Saturday, 10 February 2018

Fritjof Capra - an essay from the Sutra Journal which he entitles "The relationship between science and spirituality".

"While scientists try to explain natural phenomena, the purpose of a spiritual discipline is not to provide a description of the world. Its purpose, rather, is to facilitate experiences that will change a person’s self and way of life. However, in the interpretations of their experiences mystics and spiritual teachers are often led to also make statements about the nature of reality, causal relationships, the nature of human consciousness, and the like. This allows us to compare their descriptions of reality with corresponding descriptions by scientists.In these spiritual traditions – for example, in the various schools of Buddhism – the mystical experience is always primary; its descriptions and interpretations are considered secondary and tentative, insufficient to fully describe the spiritual experience. In a way, these descriptions are not unlike the limited and approximate models in science, which are always subject to further modifications and improvements.
In the history of Christianity, by contrast, theological statements about the nature of the world, or about human nature, were often considered as literal truths, and any attempt to question or modify them was deemed heretical. This rigid position of the Church led to the well-known conflicts between science and fundamentalist Christianity, which have continued to the present day. In these conflicts, antagonistic positions are often taken on by fundamentalists on both sides who fail to keep in mind the limited and approximate nature of all scientific theories, on the one hand, and the metaphorical and symbolic nature of the language in religious scriptures, on the other. In recent years, such fundamentalist debates have become especially problematic around the concept of a creator God.
(my underlinings)


 
 Creativity and Diversity on an unknowable scale; and You as source of All.

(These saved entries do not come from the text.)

(* Let $\mathbb A$ be an abelian category with enough projective objects and let $(f_0,f_1):a\to b$ be a morphism in $\mathbb A^{[1]}_c$, with $a:A_1\to A_0$, $b:B_1\to B_0$. Let $K=A_0\times_{B_0}B_1$ be the pull-back of $f_0$ and $b$, with projections $k:K\to A_0$, $\kappa:K\to B_1$, and let $k':A_1\to K$ be the morphism with $kk'=a$, $\kappa k'=f_1$. Choose an epimorphism $\epsilon:C_0\to K$ with $C_0$ projective, and let $C_1=C_0\times_K A_1$ be the pull-back of $\epsilon$ and $k'$, with projections $c:C_1\to C_0$ and $\epsilon':C_1\to A_1$. Then $(k\epsilon,\epsilon'):c\to a$ is a morphism of $\mathbb A^{[1]}_c$, $\kappa\epsilon$ is a 2-arrow $(f_0,f_1)\circ(k\epsilon,\epsilon')\Rightarrow 0$, and the triple $(c,(k\epsilon,\epsilon'),\kappa\epsilon)$ is a 2-kernel of $(f_0,f_1)$ in $\mathbb A^{[1]}_c$.
   Context: Let $\mathbb A$ be an abelian category. The 2-category $\mathbb A^{[1]}$ has as objects the morphisms $a:A_1\to A_0$ of $\mathbb A$. For objects $a:A_1\to A_0$ and $b:B_1\to B_0$, a morphism $a\to b$ is a pair $(f_0,f_1)$ of morphisms $f_i:A_i\to B_i$ of $\mathbb A$ with $b f_1=f_0 a$; composition is componentwise. A 2-arrow $(f_0,f_1)\Rightarrow(g_0,g_1)$ between morphisms $a\to b$ is a morphism $\alpha:A_0\to B_1$ of $\mathbb A$ with $f_1-g_1=\alpha a$ and $f_0-g_0=b\alpha$; vertical composition is addition of such $\alpha$'s, and whiskering is given by $(h_0,h_1)\circ\alpha=h_1\alpha$ and $\alpha\circ(e_0,e_1)=\alpha e_0$. All 2-arrows are invertible. $\mathbb A^{[1]}_c$ is the full 2-subcategory of $\mathbb A^{[1]}$ on the objects $a:A_1\to A_0$ with $A_0$ projective in $\mathbb A$. In a 2-category $\mathcal C$ of this kind (with zero morphisms), a 2-kernel of $f:a\to b$ is a triple $(k,u:k\to a,\kappa:fu\Rightarrow0)$ such that for every object $x$ of $\mathcal C$ the functor $v\mapsto (uv, \kappa v)$ from $\mathbf{Hom}(x,k)$ to the groupoid of pairs $(w\in\mathbf{Hom}(x,a),\ \phi:fw\Rightarrow 0)$ (morphisms: 2-arrows $w\Rightarrow w'$ compatible with the $\phi$'s) is an equivalence of groupoids. *)

theory Defs
  imports Main
begin

text \<open>A category with objects of type 'o and morphisms of type 'm.
  Cmp C g f is the composite g after f (defined when Cod f = Dom g).
  Add, Neg, Zer give the abelian-group structure on hom-sets.\<close>

record ('o, 'm) acat =
  Obj :: "'o set"
  Mor :: "'m set"
  Dom :: "'m \<Rightarrow> 'o"
  Cod :: "'m \<Rightarrow> 'o"
  Idm :: "'o \<Rightarrow> 'm"
  Cmp :: "'m \<Rightarrow> 'm \<Rightarrow> 'm"
  Add :: "'m \<Rightarrow> 'm \<Rightarrow> 'm"
  Neg :: "'m \<Rightarrow> 'm"
  Zer :: "'o \<Rightarrow> 'o \<Rightarrow> 'm"

definition hom :: "('o, 'm) acat \<Rightarrow> 'o \<Rightarrow> 'o \<Rightarrow> 'm set" where
  "hom C X Y = {f \<in> Mor C. Dom C f = X \<and> Cod C f = Y}"

definition category :: "('o, 'm) acat \<Rightarrow> bool" where
  "category C \<longleftrightarrow>
     (\<forall>f \<in> Mor C. Dom C f \<in> Obj C \<and> Cod C f \<in> Obj C) \<and>
     (\<forall>X \<in> Obj C. Idm C X \<in> hom C X X) \<and>
     (\<forall>X Y Z f g. f \<in> hom C X Y \<longrightarrow> g \<in> hom C Y Z \<longrightarrow> Cmp C g f \<in> hom C X Z) \<and>
     (\<forall>W X Y Z f g h. f \<in> hom C W X \<longrightarrow> g \<in> hom C X Y \<longrightarrow> h \<in> hom C Y Z \<longrightarrow>
         Cmp C h (Cmp C g f) = Cmp C (Cmp C h g) f) \<and>
     (\<forall>X Y f. f \<in> hom C X Y \<longrightarrow> Cmp C f (Idm C X) = f \<and> Cmp C (Idm C Y) f = f)"

definition preadditive :: "('o, 'm) acat \<Rightarrow> bool" where
  "preadditive C \<longleftrightarrow> category C \<and>
     (\<forall>X \<in> Obj C. \<forall>Y \<in> Obj C. Zer C X Y \<in> hom C X Y) \<and>
     (\<forall>X Y f g. f \<in> hom C X Y \<longrightarrow> g \<in> hom C X Y \<longrightarrow> Add C f g \<in> hom C X Y) \<and>
     (\<forall>X Y f. f \<in> hom C X Y \<longrightarrow> Neg C f \<in> hom C X Y) \<and>
     (\<forall>X Y f g h. f \<in> hom C X Y \<longrightarrow> g \<in> hom C X Y \<longrightarrow> h \<in> hom C X Y \<longrightarrow>
         Add C (Add C f g) h = Add C f (Add C g h)) \<and>
     (\<forall>X Y f g. f \<in> hom C X Y \<longrightarrow> g \<in> hom C X Y \<longrightarrow> Add C f g = Add C g f) \<and>
     (\<forall>X Y f. f \<in> hom C X Y \<longrightarrow> Add C f (Zer C X Y) = f \<and> Add C f (Neg C f) = Zer C X Y) \<and>
     (\<forall>X Y Z f g h. f \<in> hom C X Y \<longrightarrow> g \<in> hom C X Y \<longrightarrow> h \<in> hom C Y Z \<longrightarrow>
         Cmp C h (Add C f g) = Add C (Cmp C h f) (Cmp C h g)) \<and>
     (\<forall>X Y Z f g h. f \<in> hom C X Y \<longrightarrow> g \<in> hom C Y Z \<longrightarrow> h \<in> hom C Y Z \<longrightarrow>
         Cmp C (Add C g h) f = Add C (Cmp C g f) (Cmp C h f))"

definition mono :: "('o, 'm) acat \<Rightarrow> 'm \<Rightarrow> bool" where
  "mono C m \<longleftrightarrow> m \<in> Mor C \<and>
     (\<forall>W g h. g \<in> hom C W (Dom C m) \<longrightarrow> h \<in> hom C W (Dom C m) \<longrightarrow>
        Cmp C m g = Cmp C m h \<longrightarrow> g = h)"

definition epi :: "('o, 'm) acat \<Rightarrow> 'm \<Rightarrow> bool" where
  "epi C e \<longleftrightarrow> e \<in> Mor C \<and>
     (\<forall>W g h. g \<in> hom C (Cod C e) W \<longrightarrow> h \<in> hom C (Cod C e) W \<longrightarrow>
        Cmp C g e = Cmp C h e \<longrightarrow> g = h)"

definition is_kernel :: "('o, 'm) acat \<Rightarrow> 'm \<Rightarrow> 'm \<Rightarrow> bool" where
  "is_kernel C f k \<longleftrightarrow> f \<in> Mor C \<and> k \<in> hom C (Dom C k) (Dom C f) \<and>
     Cmp C f k = Zer C (Dom C k) (Cod C f) \<and>
     (\<forall>W \<in> Obj C. \<forall>g \<in> hom C W (Dom C f). Cmp C f g = Zer C W (Cod C f) \<longrightarrow>
        (\<exists>!h. h \<in> hom C W (Dom C k) \<and> Cmp C k h = g))"

definition is_cokernel :: "('o, 'm) acat \<Rightarrow> 'm \<Rightarrow> 'm \<Rightarrow> bool" where
  "is_cokernel C f q \<longleftrightarrow> f \<in> Mor C \<and> q \<in> hom C (Cod C f) (Cod C q) \<and>
     Cmp C q f = Zer C (Dom C f) (Cod C q) \<and>
     (\<forall>W \<in> Obj C. \<forall>g \<in> hom C (Cod C f) W. Cmp C g f = Zer C (Dom C f) W \<longrightarrow>
        (\<exists>!h. h \<in> hom C (Cod C q) W \<and> Cmp C h q = g))"

definition zero_object :: "('o, 'm) acat \<Rightarrow> 'o \<Rightarrow> bool" where
  "zero_object C Z \<longleftrightarrow> Z \<in> Obj C \<and>
     (\<forall>X \<in> Obj C. (\<exists>!f. f \<in> hom C Z X) \<and> (\<exists>!f. f \<in> hom C X Z))"

definition is_product :: "('o, 'm) acat \<Rightarrow> 'o \<Rightarrow> 'o \<Rightarrow> 'o \<Rightarrow> 'm \<Rightarrow> 'm \<Rightarrow> bool" where
  "is_product C X Y P p q \<longleftrightarrow> P \<in> Obj C \<and> p \<in> hom C P X \<and> q \<in> hom C P Y \<and>
     (\<forall>W \<in> Obj C. \<forall>g \<in> hom C W X. \<forall>h \<in> hom C W Y.
        (\<exists>!u. u \<in> hom C W P \<and> Cmp C p u = g \<and> Cmp C q u = h))"

definition abelian :: "('o, 'm) acat \<Rightarrow> bool" where
  "abelian C \<longleftrightarrow> preadditive C \<and>
     (\<exists>Z. zero_object C Z) \<and>
     (\<forall>X \<in> Obj C. \<forall>Y \<in> Obj C. \<exists>P p q. is_product C X Y P p q) \<and>
     (\<forall>f \<in> Mor C. (\<exists>k. is_kernel C f k) \<and> (\<exists>q. is_cokernel C f q)) \<and>
     (\<forall>m. mono C m \<longrightarrow> (\<exists>g. is_kernel C g m)) \<and>
     (\<forall>e. epi C e \<longrightarrow> (\<exists>g. is_cokernel C g e))"

definition projective :: "('o, 'm) acat \<Rightarrow> 'o \<Rightarrow> bool" where
  "projective C P \<longleftrightarrow> P \<in> Obj C \<and>
     (\<forall>X Y e g. e \<in> hom C X Y \<longrightarrow> epi C e \<longrightarrow> g \<in> hom C P Y \<longrightarrow>
        (\<exists>h. h \<in> hom C P X \<and> Cmp C e h = g))"

definition enough_projectives :: "('o, 'm) acat \<Rightarrow> bool" where
  "enough_projectives C \<longleftrightarrow>
     (\<forall>X \<in> Obj C. \<exists>P e. projective C P \<and> e \<in> hom C P X \<and> epi C e)"

definition is_pullback :: "('o, 'm) acat \<Rightarrow> 'm \<Rightarrow> 'm \<Rightarrow> 'o \<Rightarrow> 'm \<Rightarrow> 'm \<Rightarrow> bool" where
  "is_pullback C f g P p q \<longleftrightarrow> f \<in> Mor C \<and> g \<in> Mor C \<and> Cod C f = Cod C g \<and>
     P \<in> Obj C \<and> p \<in> hom C P (Dom C f) \<and> q \<in> hom C P (Dom C g) \<and>
     Cmp C f p = Cmp C g q \<and>
     (\<forall>W \<in> Obj C. \<forall>h1 \<in> hom C W (Dom C f). \<forall>h2 \<in> hom C W (Dom C g).
        Cmp C f h1 = Cmp C g h2 \<longrightarrow>
        (\<exists>!u. u \<in> hom C W P \<and> Cmp C p u = h1 \<and> Cmp C q u = h2))"

text \<open>An object of A^[1] is a morphism a : A1 \<rightarrow> A0 (A1 = Dom a, A0 = Cod a).
  A morphism a \<rightarrow> b is a pair (f0, f1).\<close>

definition obj1 :: "('o, 'm) acat \<Rightarrow> 'm \<Rightarrow> bool" where
  "obj1 C a \<longleftrightarrow> a \<in> Mor C"

definition obj1c :: "('o, 'm) acat \<Rightarrow> 'm \<Rightarrow> bool" where
  "obj1c C a \<longleftrightarrow> a \<in> Mor C \<and> projective C (Cod C a)"

definition arr1 :: "('o, 'm) acat \<Rightarrow> 'm \<Rightarrow> 'm \<Rightarrow> 'm \<times> 'm \<Rightarrow> bool" where
  "arr1 C a b f \<longleftrightarrow> obj1 C a \<and> obj1 C b \<and>
     fst f \<in> hom C (Cod C a) (Cod C b) \<and> snd f \<in> hom C (Dom C a) (Dom C b) \<and>
     Cmp C b (snd f) = Cmp C (fst f) a"

definition comp1 :: "('o, 'm) acat \<Rightarrow> 'm \<times> 'm \<Rightarrow> 'm \<times> 'm \<Rightarrow> 'm \<times> 'm" where
  "comp1 C g f = (Cmp C (fst g) (fst f), Cmp C (snd g) (snd f))"

definition zero1 :: "('o, 'm) acat \<Rightarrow> 'm \<Rightarrow> 'm \<Rightarrow> 'm \<times> 'm" where
  "zero1 C a b = (Zer C (Cod C a) (Cod C b), Zer C (Dom C a) (Dom C b))"

definition diff :: "('o, 'm) acat \<Rightarrow> 'm \<Rightarrow> 'm \<Rightarrow> 'm" where
  "diff C f g = Add C f (Neg C g)"

definition twoarr :: "('o, 'm) acat \<Rightarrow> 'm \<Rightarrow> 'm \<Rightarrow> 'm \<times> 'm \<Rightarrow> 'm \<times> 'm \<Rightarrow> 'm \<Rightarrow> bool" where
  "twoarr C a b f g \<alpha> \<longleftrightarrow> arr1 C a b f \<and> arr1 C a b g \<and>
     \<alpha> \<in> hom C (Cod C a) (Dom C b) \<and>
     diff C (snd f) (snd g) = Cmp C \<alpha> a \<and>
     diff C (fst f) (fst g) = Cmp C b \<alpha>"

text \<open>2-kernel of f : a \<rightarrow> b in A^[1]_c: the triple (k, u : k \<rightarrow> a, kap : f u \<Rightarrow> 0)
  such that for every object x of A^[1]_c the functor
  v \<mapsto> (u v, kap v) (on 2-arrows: alpha \<mapsto> u alpha = snd u \<cdot> alpha)
  from Hom(x,k) to the groupoid of pairs (w, phi : f w \<Rightarrow> 0) is an equivalence
  of groupoids, i.e. faithful, full and essentially surjective.
  A morphism (w,phi) \<rightarrow> (w',phi') of the target groupoid is a 2-arrow
  beta : w \<Rightarrow> w' with phi = phi' + (f beta) (vertical composition is addition,
  whiskering f beta = snd f \<cdot> beta). Whiskering kap v = kap \<cdot> fst v.\<close>
definition is_2kernel_c ::
  "('o, 'm) acat \<Rightarrow> 'm \<Rightarrow> 'm \<Rightarrow> 'm \<times> 'm \<Rightarrow> 'm \<Rightarrow> 'm \<times> 'm \<Rightarrow> 'm \<Rightarrow> bool" where
  "is_2kernel_c C a b f k u \<kappa> \<longleftrightarrow>
     obj1c C a \<and> obj1c C b \<and> arr1 C a b f \<and>
     obj1c C k \<and> arr1 C k a u \<and> twoarr C k b (comp1 C f u) (zero1 C k b) \<kappa> \<and>
     (\<forall>x. obj1c C x \<longrightarrow>
        \<comment> \<open>faithful\<close>
        (\<forall>v v' \<alpha> \<alpha>'. twoarr C x k v v' \<alpha> \<longrightarrow> twoarr C x k v v' \<alpha>' \<longrightarrow>
            Cmp C (snd u) \<alpha> = Cmp C (snd u) \<alpha>' \<longrightarrow> \<alpha> = \<alpha>') \<and>
        \<comment> \<open>full\<close>
        (\<forall>v v' \<beta>. arr1 C x k v \<longrightarrow> arr1 C x k v' \<longrightarrow>
            twoarr C x a (comp1 C u v) (comp1 C u v') \<beta> \<longrightarrow>
            Cmp C \<kappa> (fst v) = Add C (Cmp C \<kappa> (fst v')) (Cmp C (snd f) \<beta>) \<longrightarrow>
            (\<exists>\<alpha>. twoarr C x k v v' \<alpha> \<and> Cmp C (snd u) \<alpha> = \<beta>)) \<and>
        \<comment> \<open>essentially surjective\<close>
        (\<forall>w \<phi>. arr1 C x a w \<longrightarrow> twoarr C x b (comp1 C f w) (zero1 C x b) \<phi> \<longrightarrow>
            (\<exists>v \<beta>. arr1 C x k v \<and> twoarr C x a (comp1 C u v) w \<beta> \<and>
               Cmp C \<kappa> (fst v) = Add C \<phi> (Cmp C (snd f) \<beta>))))"

end

theory Submission imports Defs begin

(* Only the preadditive structure of the abelian category, the two
   pull-back squares, the fact that e is epi, and projectivity of the codomains
   of objects of A^[1]_c are used.
   Write u = (k e, e') and theta = kappa e.  The object c has projective codomain
   C0, u is a morphism c -> a because k' e' = e c, and theta is a 2-arrow
   f u => 0 because kappa k' = f1 and f0 k = b kappa.  For the 2-kernel property
   the key observation is a lifting lemma: a pair (d : W -> C0, beta : W -> A1)
   with k e d = a beta and kappa e d = f1 beta factors uniquely through C1, since
   then e d = k' beta by the pull-back K.  Faithfulness is the uniqueness half,
   fullness applies the lemma to a difference of 0-components, and essential
   surjectivity first lifts (w0, phi) to K, then to C0 by projectivity of X0,
   and finally applies the lemma to (v0 x, w1). *)

locale category_ctx =
  fixes C :: "('o, 'm) acat"
  assumes category: "category C"
begin
(* Let $P(x)=\frac{p_{-1}}{x-x_0}+p_0+p_1(x-x_0)+\dots$ and $Q(x)=\frac{q_{-1}}{x-x_0}+q_0+q_1(x-x_0)+\dots$ be $n\times n$ matrix functions holomorphic and single-valued in a punctured disc around $x_0$. If for every $\rho\in\mathbb C$ the point $x_0$ is a strong regular point of the system $\frac{dW(x,\rho)}{dx}=[P(x)+\rho Q(x)]W(x,\rho)$, then for every $\rho\in\mathbb C$ all eigenvalues of $p_{-1}+\rho q_{-1}$ are integers, and the set of eigenvalues of $p_{-1}+\rho q_{-1}$ does not depend on $\rho$.
   Context: For a system $\frac{dW}{dx}=A(x)W$ with $A$ holomorphic and single-valued in a punctured disc around $x_0$, every fundamental (invertible matrix) solution has the form $W(x)=S(x)(x-x_0)^{\Phi}$ with $S$ holomorphic and single-valued in the punctured disc and $\Phi$ a constant matrix. The point $x_0$ is called strong regular for the system if a fundamental solution $W$ is single-valued in the punctured disc and has at most a pole at $x_0$, i.e. $W(x)=\sum_{k\ge m}b_k(x-x_0)^k$ for some $m\in\mathbb Z$. *)

theory Defs
  imports "HOL-Complex_Analysis.Complex_Analysis"
begin

definition mat_holomorphic_on ::
  "(complex \<Rightarrow> complex^'n^'n) \<Rightarrow> complex set \<Rightarrow> bool" where
  "mat_holomorphic_on F S \<longleftrightarrow> (\<forall>i j. (\<lambda>x. F x $ i $ j) holomorphic_on S)"

definition mscale :: "complex \<Rightarrow> complex^'n^'n \<Rightarrow> complex^'n^'n" where
  "mscale c M = (\<chi> i j. c * M $ i $ j)"

definition mat_eigenvalue :: "complex^'n^'n \<Rightarrow> complex \<Rightarrow> bool" where
  "mat_eigenvalue M l \<longleftrightarrow> (\<exists>v. v \<noteq> 0 \<and> M *v v = l *s v)"

definition fundamental_solution_on ::
  "(complex \<Rightarrow> complex^'n^'n) \<Rightarrow> (complex \<Rightarrow> complex^'n^'n) \<Rightarrow> complex set \<Rightarrow> bool" where
  "fundamental_solution_on A W S \<longleftrightarrow>
     (\<forall>x\<in>S. invertible (W x) \<and>
        (\<forall>i j. ((\<lambda>y. W y $ i $ j) has_field_derivative ((A x ** W x) $ i $ j)) (at x)))"

text \<open>x0 is a strong regular point of dW/dx = A(x) W: on some punctured disc around x0
  there is a single-valued fundamental solution having at most a pole at x0
  (each entry has a non-essential singularity at x0).\<close>
definition strong_regular_point ::
  "(complex \<Rightarrow> complex^'n^'n) \<Rightarrow> complex \<Rightarrow> bool" where
  "strong_regular_point A x0 \<longleftrightarrow>
     (\<exists>r>0. \<exists>W. fundamental_solution_on A W (ball x0 r - {x0}) \<and>
        (\<forall>i j. not_essential (\<lambda>x. W x $ i $ j) x0))"

end

theory Submission
  imports Defs
begin

text \<open>Fix \<open>\<rho>\<close>, write \<open>R = p\<^sub>-\<^sub>1 + \<rho> q\<^sub>-\<^sub>1\<close>, and let \<open>B\<^sub>k\<close> be the Laurent coefficients at \<open>x\<^sub>0\<close> of a
  single-valued meromorphic fundamental solution \<open>W\<close>. If \<open>W c\<close> has order at least \<open>m\<close>, comparing the
  coefficients of \<open>(x - x\<^sub>0)\<^bsup>m-1\<^esup>\<close> in \<open>W' = (R/(x - x\<^sub>0) + holomorphic) W\<close> gives \<open>R B\<^sub>m c = m B\<^sub>m c\<close>.
  Since \<open>W\<close> is invertible, orders of nonzero vectors are bounded, so there is a basis \<open>c\<^sub>i\<close> of orders
  \<open>m\<^sub>i\<close> with maximal \<open>\<Sum> m\<^sub>i\<close>. Its leading coefficients \<open>B\<^bsub>m\<^sub>i\<^esub> c\<^sub>i\<close> are linearly independent, as a
  relation among them could be reduced to one among vectors of a single order, whose combination
  of the \<open>c\<^sub>i\<close> would have larger order. Hence \<open>R\<close> is diagonalizable with the integer eigenvalues
  \<open>m\<^sub>i\<close>. Then \<open>tr R\<^sup>k = \<Sum> m\<^sub>i\<^sup>k\<close> is an integer-valued continuous function of \<open>\<rho>\<close>, hence constant, and
  integer families with equal power sums have equal ranges.\<close>

section \<open>Linear independence of families of vectors\<close>

definition independent_family :: "('i::finite \<Rightarrow> 'a::field^'n) \<Rightarrow> bool" where
  "independent_family v \<longleftrightarrow> (\<forall>x. (\<Sum>i\<in>UNIV. x i *s v i) = 0 \<longrightarrow> (\<forall>i. x i = 0))"

lemma independent_family_nonzero:
  fixes v :: "'i::finite \<Rightarrow> 'a::field^'n"
  assumes "independent_family v"
  shows "v i \<noteq> 0"
proof
  assume "v i = 0"
  moreover have "(\<Sum>j\<in>UNIV. (if j = i then 1 else 0) *s v j) = (\<Sum>j\<in>UNIV. if j = i then v j else 0)"
    by (intro sum.cong) auto
  ultimately have "(\<Sum>j\<in>UNIV. (if j = i then 1 else 0) *s v j) = 0"
    by simp
  with assms have "\<forall>j. (if j = i then 1 else 0 :: 'a) = 0"
    unfolding independent_family_def by (rule spec[of _ "\<lambda>j. if j = i then 1 else 0", THEN mp])
  then show False
    by (metis one_neq_zero)
qed

lemma independent_family_update:
  assumes ind: "independent_family c" and "x j \<noteq> 0"
  shows "independent_family (c(j := \<Sum>i\<in>UNIV. x i *s c i))"
  unfolding independent_family_def
proof (intro allI impI)
  fix y k
  assume "(\<Sum>i\<in>UNIV. y i *s (c(j := \<Sum>i\<in>UNIV. x i *s c i)) i) = 0"
  moreover define z where "z i = (if i = j then 0 else y i) + y j * x i" for i
  moreover have "(\<Sum>i\<in>UNIV. y i *s (c(j := \<Sum>i\<in>UNIV. x i *s c i)) i) = (\<Sum>i\<in>UNIV. z i *s c i)"
  proof -
    have "(\<Sum>i\<in>UNIV. y i *s (c(j := \<Sum>i\<in>UNIV. x i *s c i)) i)
        = (\<Sum>i\<in>UNIV. (if i = j then 0 else y i) *s c i) + y j *s (\<Sum>i\<in>UNIV. x i *s c i)"
      by (simp add: sum.If_cases if_distrib Diff_eq sum.remove[of UNIV j] cong: if_cong)
    also have "\<dots> = (\<Sum>i\<in>UNIV. z i *s c i)"
      by (simp add: z_def vec.scale_sum_right sum.distrib[symmetric] vector_sadd_rdistrib)
    finally show ?thesis .
  qed
  ultimately have z0: "z i = 0" for i
    using ind unfolding independent_family_def by metis
  with \<open>x j \<noteq> 0\<close> have "y j = 0"
    using z0[of j] by (simp add: z_def)
  with z0[of k] show "y k = 0"
    by (simp add: z_def split: if_splits)
qed

lemma invertible_iff_independent_columns:
  fixes L :: "'a::field^'n^'n"
  shows "invertible L \<longleftrightarrow> independent_family (\<lambda>i. column i L)"
proof -
  have Ly: "L *v y = (\<Sum>i\<in>UNIV. y $ i *s column i L)" for y
    by (rule matrix_mult_sum)
  have "(\<forall>y. L *v y = 0 \<longrightarrow> y = 0) \<longleftrightarrow> independent_family (\<lambda>i. column i L)"
    unfolding independent_family_def
  proof safe
    fix x i
    assume "\<forall>y. L *v y = 0 \<longrightarrow> y = 0" "(\<Sum>i\<in>UNIV. x i *s column i L) = 0"
    then have "(\<chi> i. x i) = 0"
      by (simp add: Ly)
    then show "x i = 0"
      by (metis vec_lambda_beta zero_index)
  next
    fix y :: "'a^'n"
    assume "\<forall>x. (\<Sum>i\<in>UNIV. x i *s column i L) = 0 \<longrightarrow> (\<forall>i. x i = 0)" "L *v y = 0"
    then show "y = 0"
      by (simp add: Ly vec_eq_iff)
  qed
  then show ?thesis
    by (simp add: invertible_left_inverse matrix_left_invertible_ker)
qed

However far apart the "worlds" (by which I mean "languages") of science, art and "religion" (I hate this word!) may seem, the truth is singular and all-encompassing. It is a truth unattainable except when we come to You and discover there poverty and simplicity - a steadfast refusal to judge, a determined refusal to limit, and a firm childlike faith: the ultimate gifts of the spirit.
And we need not wring our hands and say, "but where do I get poverty, simplicity, faith and humility from in the first place?" As I say, listen and the gifts will come.

Thursday, 1 February 2018

From an article in The Tablet on 20th January 2018
"Unity isn't something we create, it's something we discover: we are already one in Christ."

The truth is out there: but it's hidden from all of us: beginner pianists attempting a Mozart concerto.  

Sunday, 21 January 2018

from Tillich's wikipedia entry

Tillich states, sympathetically, that the God of "theological theism"

"deprives me of my subjectivity because he is all-powerful and all-knowing. I revolt and make him into an object, but the revolt fails and becomes desperate. God appears as the invincible tyrant, the being in contrast with whom all other beings are without freedom and subjectivity. He is equated with the recent tyrants who with the help of terror try to transform everything into a mere object, a thing among things, a cog in a machine they control. He becomes the model of everything against which Existentialism revolted. This is the God Nietzsche said had to be killed because nobody can tolerate being made into a mere object of absolute knowledge and absolute control. This is the deepest root of atheism. It is an atheism which is justified as the reaction against theological theism and its disturbing implications."
Isn't this the the God of Dawkins and Hitchens?
You can never be summed up, understood, grasped, or analysed. Prayer surely has to be a constant letting go of all theory, concept and vision: aiming always to seek to allow You to be who, what and where You really are.